Monarch: a neat but frustrating Godzilla series (review)

Monarch: a neat but frustrating Godzilla series (review)

A series of monsters with few monsters… Obviously, it’s frustrating, even if the origin story of the monsterverse is not lacking in interest.

There is always a child of wonder who awakens in us when Godzilla appears on screen, both majestic and terrifying. The spectacular design of the most famous Kaiju is indeed the main success of the saga monsterverse, developed for a decade by the studio Legendary Pictures. When she places Rodan or King Kong in her way, we devour our popcorn. But do we really want to devour the origins of Monarchthe international organization that tracks the monsters in question?

The answer is rather yes, in the footsteps of this ambitious and careful spin-off series, which takes place in two different eras: first in 2015, just after G-Day (understand the devastation of San Francisco by the Dantesque confrontation between Godzilla and MUTO, in the first film of the monsterversethe one signed Gareth Edwards) following a curiously broken family, who discover the power of Monarch. At the same time, the series takes us back in time to the 1950s, to present the origin story, where how the founders of Monarch encountered Kaijus for the first time, before creating this very secret agency.

The narration is intelligent and carefully thought out. The decorum of the post-World War II Pacific has character and the cast of characters is not lacking in interest, headlined by Kurt Russell (in the present) and his son Wyatt Russell (in the past) who play the same role with a 30-year gap, and it works perfectly!

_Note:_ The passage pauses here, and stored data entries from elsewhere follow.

(* Let $(\Omega,\mathcal A)$ be a measurable space admitting a universally consistent learning rule $\mathcal L$. Then for every subset $Y\subseteq\Omega$, the restriction $\mathcal L|_Y$ is a universally consistent learning rule for the measurable subspace $(Y,\mathcal A|_Y)$, where $\mathcal A|_Y=\{A\cap Y: A\in\mathcal A\}$.
   Context: For a measurable space $(\Omega,\mathcal A)$, give $\Omega\times\{0,1\}$ the product $\sigma$-algebra. A classifier is a measurable map $T:\Omega\to\{0,1\}$. A learning rule $\mathcal L$ is a family of maps $\mathcal L_n:\Omega^n\times\{0,1\}^n\times\Omega\to\{0,1\}$, $(\sigma,x)\mapsto\mathcal L_n(\sigma)(x)$, $n\ge1$, each measurable with respect to the product $\sigma$-algebra. For a probability measure $\tilde\mu$ on $\Omega\times\{0,1\}$, $\mathrm{err}_{\tilde\mu}(\mathcal L_n)=(\tilde\mu^n\otimes\tilde\mu)\{(\sigma,x,y):\mathcal L_n(\sigma)(x)\ne y\}$, and the Bayes error is $\ell^*(\tilde\mu)=\inf_T\tilde\mu\{(x,y):T(x)\ne y\}$ over all classifiers $T$. $\mathcal L$ is universally consistent if $\mathrm{err}_{\tilde\mu}(\mathcal L_n)\to\ell^*(\tilde\mu)$ as $n\to\infty$ for every probability measure $\tilde\mu$ on $\Omega\times\{0,1\}$. The restriction $\mathcal L|_Y$ is defined by $(\mathcal L|_Y)_n=\mathcal L_n|_{Y^n\times\{0,1\}^n\times Y}$. *)

theory Defs
  imports "HOL-Probability.Probability"
begin

text \<open>Labels {0,1} are encoded as bool. A labelled point is an element of
  'a \<times> bool; the label space carries the discrete sigma algebra.\<close>

definition labelled :: "'a measure \<Rightarrow> ('a \<times> bool) measure" where
  "labelled M = M \<Otimes>\<^sub>M count_space UNIV"

text \<open>A sample of size n is an element of (\<Omega> \<times> {0,1})^n, encoded as a
  function on {..<n}.\<close>
definition sample_space :: "'a measure \<Rightarrow> nat \<Rightarrow> (nat \<Rightarrow> 'a \<times> bool) measure" where
  "sample_space M n = PiM {..<n} (\<lambda>_. labelled M)"

definition learning_rule ::
  "'a measure \<Rightarrow> (nat \<Rightarrow> (nat \<Rightarrow> 'a \<times> bool) \<Rightarrow> 'a \<Rightarrow> bool) \<Rightarrow> bool" where
  "learning_rule M L \<longleftrightarrow>
     (\<forall>n\<ge>1. (\<lambda>(\<sigma>, x). L n \<sigma> x) \<in> measurable (sample_space M n \<Otimes>\<^sub>M M) (count_space UNIV))"

definition is_label_prob :: "'a measure \<Rightarrow> ('a \<times> bool) measure \<Rightarrow> bool" where
  "is_label_prob M \<mu> \<longleftrightarrow> prob_space \<mu> \<and> sets \<mu> = sets (labelled M)"

definition err ::
  "('a \<times> bool) measure \<Rightarrow> (nat \<Rightarrow> (nat \<Rightarrow> 'a \<times> bool) \<Rightarrow> 'a \<Rightarrow> bool) \<Rightarrow> nat \<Rightarrow> real" where
  "err \<mu> L n = measure (PiM {..<n} (\<lambda>_. \<mu>) \<Otimes>\<^sub>M \<mu>)
     ({(\<sigma>, (x, y)). L n \<sigma> x \<noteq> y} \<inter> space (PiM {..<n} (\<lambda>_. \<mu>) \<Otimes>\<^sub>M \<mu>))"

definition classifier :: "'a measure \<Rightarrow> ('a \<Rightarrow> bool) \<Rightarrow> bool" where
  "classifier M T \<longleftrightarrow> T \<in> measurable M (count_space UNIV)"

definition bayes_error :: "'a measure \<Rightarrow> ('a \<times> bool) measure \<Rightarrow> real" where
  "bayes_error M \<mu> = (INF T\<in>{T. classifier M T}. measure \<mu> ({(x, y). T x \<noteq> y} \<inter> space \<mu>))"

definition universally_consistent ::
  "'a measure \<Rightarrow> (nat \<Rightarrow> (nat \<Rightarrow> 'a \<times> bool) \<Rightarrow> 'a \<Rightarrow> bool) \<Rightarrow> bool" where
  "universally_consistent M L \<longleftrightarrow> learning_rule M L \<and>
     (\<forall>\<mu>. is_label_prob M \<mu> \<longrightarrow> (\<lambda>n. err \<mu> L n) \<longlonglongrightarrow> bayes_error M \<mu>)"

end

theory Submission
  imports Defs
begin

text \<open>A labelled distribution \<mu> on Y \<times> {0,1} is pushed forward along the inclusion to a
  distribution \<nu> on \<Omega> \<times> {0,1}. Since \<mu>-samples are \<nu>-samples and L is applied to the same
  points, L has the same error under \<mu> and \<nu>. The Bayes errors agree as well: every
  classifier on \<Omega> restricts to one on Y, every classifier on Y is the trace of an indicator
  of a measurable subset of \<Omega>, and the error of a classifier under \<mu> only depends on its
  values on Y.\<close>

lemma measurable_labelled_ident:
  assumes "(\<lambda>x. x) \<in> N \<rightarrow>\<^sub>M M"
  shows "(\<lambda>z. z) \<in> labelled N \<rightarrow>\<^sub>M labelled M"
  using measurable_Pair[OF measurable_compose[OF measurable_fst assms] measurable_snd]
  by (simp add: labelled_def)

lemma measurable_PiM_ident:
  assumes "(\<lambda>x. x) \<in> N \<rightarrow>\<^sub>M M"
  shows "(\<lambda>\<omega>. \<omega>) \<in> PiM I (\<lambda>_. N) \<rightarrow>\<^sub>M PiM I (\<lambda>_. M)"
proof -
  have "(\<lambda>\<omega> i. \<omega> i) \<in> PiM I (\<lambda>_. N) \<rightarrow>\<^sub>M PiM I (\<lambda>_. M)"
  proof (rule measurable_PiM_single')
    show "(\<lambda>\<omega>. \<omega> i) \<in> PiM I (\<lambda>_. N) \<rightarrow>\<^sub>M M" if "i \<in> I" for i
      using measurable_compose[OF measurable_component_singleton[OF that] assms] .
    show "(\<lambda>\<omega> i. \<omega> i) \<in> space (PiM I (\<lambda>_. N)) \<rightarrow> (\<Pi>\<^sub>E i\<in>I. space M)"
      using measurable_space[OF assms] by (auto simp: space_PiM PiE_iff)
  qed
  then show ?thesis by simp
qed

lemma learning_rule_mono:
  assumes "(\<lambda>x. x) \<in> N \<rightarrow>\<^sub>M M" and "learning_rule M L"
  shows "learning_rule N L"
  unfolding learning_rule_def
proof (intro allI impI)
  fix n :: nat assume "n \<ge> 1"
  then have L: "(\<lambda>(\<sigma>, x). L n \<sigma> x) \<in> sample_space M n \<Otimes>\<^sub>M M \<rightarrow>\<^sub>M count_space UNIV"
    using assms(2) by (simp add: learning_rule_def)
  have "(\<lambda>\<sigma>. \<sigma>) \<in> sample_space N n \<rightarrow>\<^sub>M sample_space M n"
    unfolding sample_space_def by (rule measurable_PiM_ident[OF measurable_labelled_ident[OF assms(1)]])
  then have "(\<lambda>p. (fst p, snd p)) \<in> sample_space N n \<Otimes>\<^sub>M N \<rightarrow>\<^sub>M sample_space M n \<Otimes>\<^sub>M M"
    by (rule measurable_Pair[OF measurable_compose[OF measurable_fst] measurable_compose[OF measurable_snd assms(1)]])
  from measurable_compose[OF this L]
  show "(\<lambda>(\<sigma>, x). L n \<sigma> x) \<in> sample_space N n \<Otimes>\<^sub>M N \<rightarrow>\<^sub>M count_space UNIV"
    by simp
qed

lemma measure_distr_ident:
  assumes "(\<lambda>x. x) \<in> M \<rightarrow>\<^sub>M N" and "A \<inter> space N \<in> sets N"
  shows "measure (distr M N (\<lambda>x. x)) (A \<inter> space N) = measure M (A \<inter> space M)"
proof -
  have "space M \<subseteq> space N"
    using measurable_space[OF assms(1)] by auto
  then show ?thesis
    using measure_distr[OF assms] by (simp add: Int_assoc Int_absorb1)
qed

lemma PiM_distr_ident:
  assumes "finite I" and "prob_space \<mu>" and "(\<lambda>x. x) \<in> \<mu> \<rightarrow>\<^sub>M N"
  shows "PiM I (\<lambda>_. distr \<mu> N (\<lambda>x. x)) = distr (PiM I (\<lambda>_. \<mu>)) (PiM I (\<lambda>_. N)) (\<lambda>\<omega>. \<omega>)"
proof -
  let ?\<nu> = "distr \<mu> N (\<lambda>x. x)"
  have "(\<lambda>x. x) \<in> \<mu> \<rightarrow>\<^sub>M ?\<nu>"
    using assms(3) by (simp cong: measurable_cong_sets)
  moreover have "distr \<mu> ?\<nu> (\<lambda>x. x) = ?\<nu>"
    by (rule distr_cong) auto
  moreover have "prob_space ?\<nu>"
    using assms(2,3) by (rule prob_space.prob_space_distr)
  ultimately have "PiM I (\<lambda>_. ?\<nu>) = distr (PiM I (\<lambda>_. \<mu>)) (PiM I (\<lambda>_. ?\<nu>)) (compose I (\<lambda>x. x))"
    using distr_PiM_finite_prob_space'[of I "\<lambda>_. \<mu>" "\<lambda>_. ?\<nu>" "\<lambda>x. x"] assms(1,2) by simp
  also have "\<dots> = distr (PiM I (\<lambda>_. \<mu>)) (PiM I (\<lambda>_. N)) (\<lambda>\<omega>. \<omega>)"
    by (intro distr_cong refl sets_PiM_cong) (simp_all add: compose_def space_PiM)
  finally show ?thesis .
qed

lemma pred_Int_space_sets:
  assumes "Measurable.pred M P"
  shows "Collect P \<inter> space M \<in> sets M"
  using predE[OF assms] by (simp add: Int_def conj_commute)

lemma learning_rule_error_sets:
  assumes "learning_rule M L" and "n \<ge> 1"
  shows "{(\<sigma>, x, y). L n \<sigma> x \<noteq> y} \<inter> space (sample_space M n \<Otimes>\<^sub>M labelled M)
    \<in> sets (sample_space M n \<Otimes>\<^sub>M labelled M)"
proof (rule pred_Int_space_sets)
  have "(\<lambda>(\<sigma>, x). L n \<sigma> x) \<in> sample_space M n \<Otimes>\<^sub>M M \<rightarrow>\<^sub>M count_space UNIV"
    using assms by (simp add: learning_rule_def)
  moreover have "(\<lambda>p. (fst p, fst (snd p))) \<in> sample_space M n \<Otimes>\<^sub>M labelled M \<rightarrow>\<^sub>M sample_space M n \<Otimes>\<^sub>M M"
    unfolding labelled_def by measurable
  ultimately have "(\<lambda>p. L n (fst p) (fst (snd p))) \<in> sample_space M n \<Otimes>\<^sub>M labelled M \<rightarrow>\<^sub>M count_space UNIV"
    by (simp add: measurable_compose[rotated])
  then show "Measurable.pred (sample_space M n \<Otimes>\<^sub>M labelled M) (\<lambda>(\<sigma>, x, y). L n \<sigma> x \<noteq> y)"
    unfolding labelled_def split_beta' by measurable
qed

lemma err_distr_ident:
  assumes "prob_space \<mu>" and "(\<lambda>z. z) \<in> \<mu> \<rightarrow>\<^sub>M labelled M"
    and "learning_rule M L" and "n \<ge> 1"
  shows "err (distr \<mu> (labelled M) (\<lambda>z. z)) L n = err \<mu> L n"
proof -
  define \<nu> where "\<nu> = distr \<mu> (labelled M) (\<lambda>z. z)"
  let ?P = "PiM {..<n} (\<lambda>_. \<mu>)" and ?S = "sample_space M n \<Otimes>\<^sub>M labelled M"
  have sample: "(\<lambda>\<omega>. \<omega>) \<in> ?P \<rightarrow>\<^sub>M sample_space M n"
    unfolding sample_space_def using assms(2) by (rule measurable_PiM_ident)
  have "prob_space \<nu>"
    unfolding \<nu>_def using assms(1,2) by (rule prob_space.prob_space_distr)
  then have "PiM {..<n} (\<lambda>_. \<nu>) \<Otimes>\<^sub>M \<nu> = distr (?P \<Otimes>\<^sub>M \<mu>) ?S (\<lambda>p. p)"
    using pair_measure_distr[OF sample assms(2)] PiM_distr_ident[OF finite_lessThan assms(1,2)]
    unfolding \<nu>_def sample_space_def by (simp add: prob_space_imp_sigma_finite id_def)
  moreover have "(\<lambda>p. p) \<in> ?P \<Otimes>\<^sub>M \<mu> \<rightarrow>\<^sub>M ?S"
    using measurable_Pair[OF measurable_compose[OF measurable_fst sample]
        measurable_compose[OF measurable_snd assms(2)]] by simp
  ultimately show ?thesis
    using measure_distr_ident learning_rule_error_sets[OF assms(3,4)]
    unfolding err_def \<nu>_def[symmetric] by simp
qed

lemma is_label_prob_measurable_ident:
  assumes "is_label_prob N \<mu>" and "(\<lambda>x. x) \<in> N \<rightarrow>\<^sub>M M"
  shows "(\<lambda>z. z) \<in> \<mu> \<rightarrow>\<^sub>M labelled M"
  using measurable_labelled_ident[OF assms(2)] assms(1)
  by (simp add: is_label_prob_def cong: measurable_cong_sets)

lemma is_label_prob_distr_ident:
  assumes "is_label_prob N \<mu>" and "(\<lambda>x. x) \<in> N \<rightarrow>\<^sub>M M"
  shows "is_label_prob M (distr \<mu> (labelled M) (\<lambda>z. z))"
  using prob_space.prob_space_distr[OF _ is_label_prob_measurable_ident[OF assms]] assms(1)
  by (simp add: is_label_prob_def)

lemma classifier_error_sets:
  assumes "classifier N T"
  shows "{(x, y). T x \<noteq> y} \<inter> space (labelled N) \<in> sets (labelled N)"
proof (rule pred_Int_space_sets)
  show "Measurable.pred (labelled N) (\<lambda>(x, y). T x \<noteq> y)"
    using assms unfolding classifier_def labelled_def split_beta' by measurable
qed

lemma classifier_restrict_space_extend:
  assumes "classifier (restrict_space M Y) T"
  obtains T' where "classifier M T'" and "\<And>x. x \<in> Y \<inter> space M \<Longrightarrow> T' x = T x"
proof -
  have "T -` {True} \<inter> space (restrict_space M Y) \<in> sets (restrict_space M Y)"
    using assms by (simp add: classifier_def measurable_sets)
  then obtain A where A: "A \<in> sets M" and TA: "T -` {True} \<inter> (Y \<inter> space M) = Y \<inter> A"
    by (auto simp: sets_restrict_space space_restrict_space)
  have "classifier M (\<lambda>x. x \<in> A)"
    unfolding classifier_def using A by measurable
  moreover have "(x \<in> A) = T x" if "x \<in> Y \<inter> space M" for x
    using TA that by blast
  ultimately show ?thesis using that by blast
qed

lemma bayes_error_distr_restrict_space:
  assumes "is_label_prob (restrict_space M Y) \<mu>"
  shows "bayes_error M (distr \<mu> (labelled M) (\<lambda>z. z)) = bayes_error (restrict_space M Y) \<mu>"
proof -
  define \<nu> where "\<nu> = distr \<mu> (labelled M) (\<lambda>z. z)"
  let ?err = "\<lambda>\<mu> T. measure \<mu> ({(x, y). T x \<noteq> y} \<inter> space \<mu>)"
  have Y: "(\<lambda>x. x) \<in> restrict_space M Y \<rightarrow>\<^sub>M M"
    by (rule measurable_restrict_space1[OF measurable_id])
  have "sets \<mu> = sets (labelled (restrict_space M Y))"
    using assms by (simp add: is_label_prob_def)
  from sets_eq_imp_space_eq[OF this] have space_\<mu>: "space \<mu> = (Y \<inter> space M) \<times> UNIV"
    by (simp add: labelled_def space_pair_measure space_restrict_space)
  have err_\<nu>: "?err \<nu> T = ?err \<mu> T" if "classifier M T" for T
    using measure_distr_ident[OF is_label_prob_measurable_ident[OF assms Y] classifier_error_sets[OF that]]
    unfolding \<nu>_def by simp
  have "?err \<nu> ` {T. classifier M T} = ?err \<mu> ` {T. classifier (restrict_space M Y) T}"
  proof (intro equalityI image_subsetI)
    fix T assume "T \<in> {T. classifier M T}"
    then show "?err \<nu> T \<in> ?err \<mu> ` {T. classifier (restrict_space M Y) T}"
      using err_\<nu> by (auto simp: classifier_def measurable_restrict_space1)
  next
    fix T assume "T \<in> {T. classifier (restrict_space M Y) T}"
    then obtain T' where T': "classifier M T'" and "\<And>x. x \<in> Y \<inter> space M \<Longrightarrow> T' x = T x"
      using classifier_restrict_space_extend by blast
    then have "?err \<mu> T = ?err \<nu> T'"
      using err_\<nu>[OF T'] space_\<mu> by (auto intro!: arg_cong[where f = "measure \<mu>"])
    then show "?err \<mu> T \<in> ?err \<nu> ` {T. classifier M T}"
      using T' by blast
  qed
  then show ?thesis
    unfolding bayes_error_def \<nu>_def by simp
qed

theorem mainTheorem3:
  fixes M :: "'a measure" and L :: "nat \<Rightarrow> (nat \<Rightarrow> 'a \<times> bool) \<Rightarrow> 'a \<Rightarrow> bool"
    and Y :: "'a set"
  assumes "universally_consistent M L"
    and "Y \<subseteq> space M"
  shows "universally_consistent (restrict_space M Y) L"
proof -
  have Y: "(\<lambda>x. x) \<in> restrict_space M Y \<rightarrow>\<^sub>M M"
    by (rule measurable_restrict_space1[OF measurable_id])
  have L: "learning_rule M L"
    and consistent: "\<And>\<nu>. is_label_prob M \<nu> \<Longrightarrow> (\<lambda>n. err \<nu> L n) \<longlonglongrightarrow> bayes_error M \<nu>"
    using assms(1) by (auto simp: universally_consistent_def)
  have "(\<lambda>n. err \<mu> L n) \<longlonglongrightarrow> bayes_error (restrict_space M Y) \<mu>"
    if \<mu>: "is_label_prob (restrict_space M Y) \<mu>" for \<mu>
  proof -
    let ?\<nu> = "distr \<mu> (labelled M) (\<lambda>z. z)"
    have "(\<lambda>n. err ?\<nu> L n) \<longlonglongrightarrow> bayes_error (restrict_space M Y) \<mu>"
      using consistent[OF is_label_prob_distr_ident[OF \<mu> Y]] bayes_error_distr_restrict_space[OF \<mu>] by simp
    moreover have "\<forall>\<^sub>F n in sequentially. err ?\<nu> L n = err \<mu> L n"
      using err_distr_ident[OF _ is_label_prob_measurable_ident[OF \<mu> Y] L] \<mu>
      by (auto simp: is_label_prob_def eventually_sequentially)
    ultimately show ?thesis
      by (rule Lim_transform_eventually)
  qed
  then show ?thesis
    using learning_rule_mono[OF Y L] by (simp add: universally_consistent_def)
qed

end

The problem is that no matter how much they tell us stories about the origins of the thing, about the men behind the organization and about the discovery of the existence of the Titans, what we want is see monsters! Biblical fighting with Kaijus who destroy everything or kill each other. Gold, Monarch is a little stingy on the subject. Certainly, its bestiary introducing new creatures is quite cool, but, weighed down by its length, the series spends a lot of time beating around the bush and ultimately proves too poor in terms of Godzilla. We are willing to swallow some of the family troubles of ordinary drama, but we should be rewarded in return with a minimum of clashes of the Titans… And Monarch does not provide complete assurance in this area.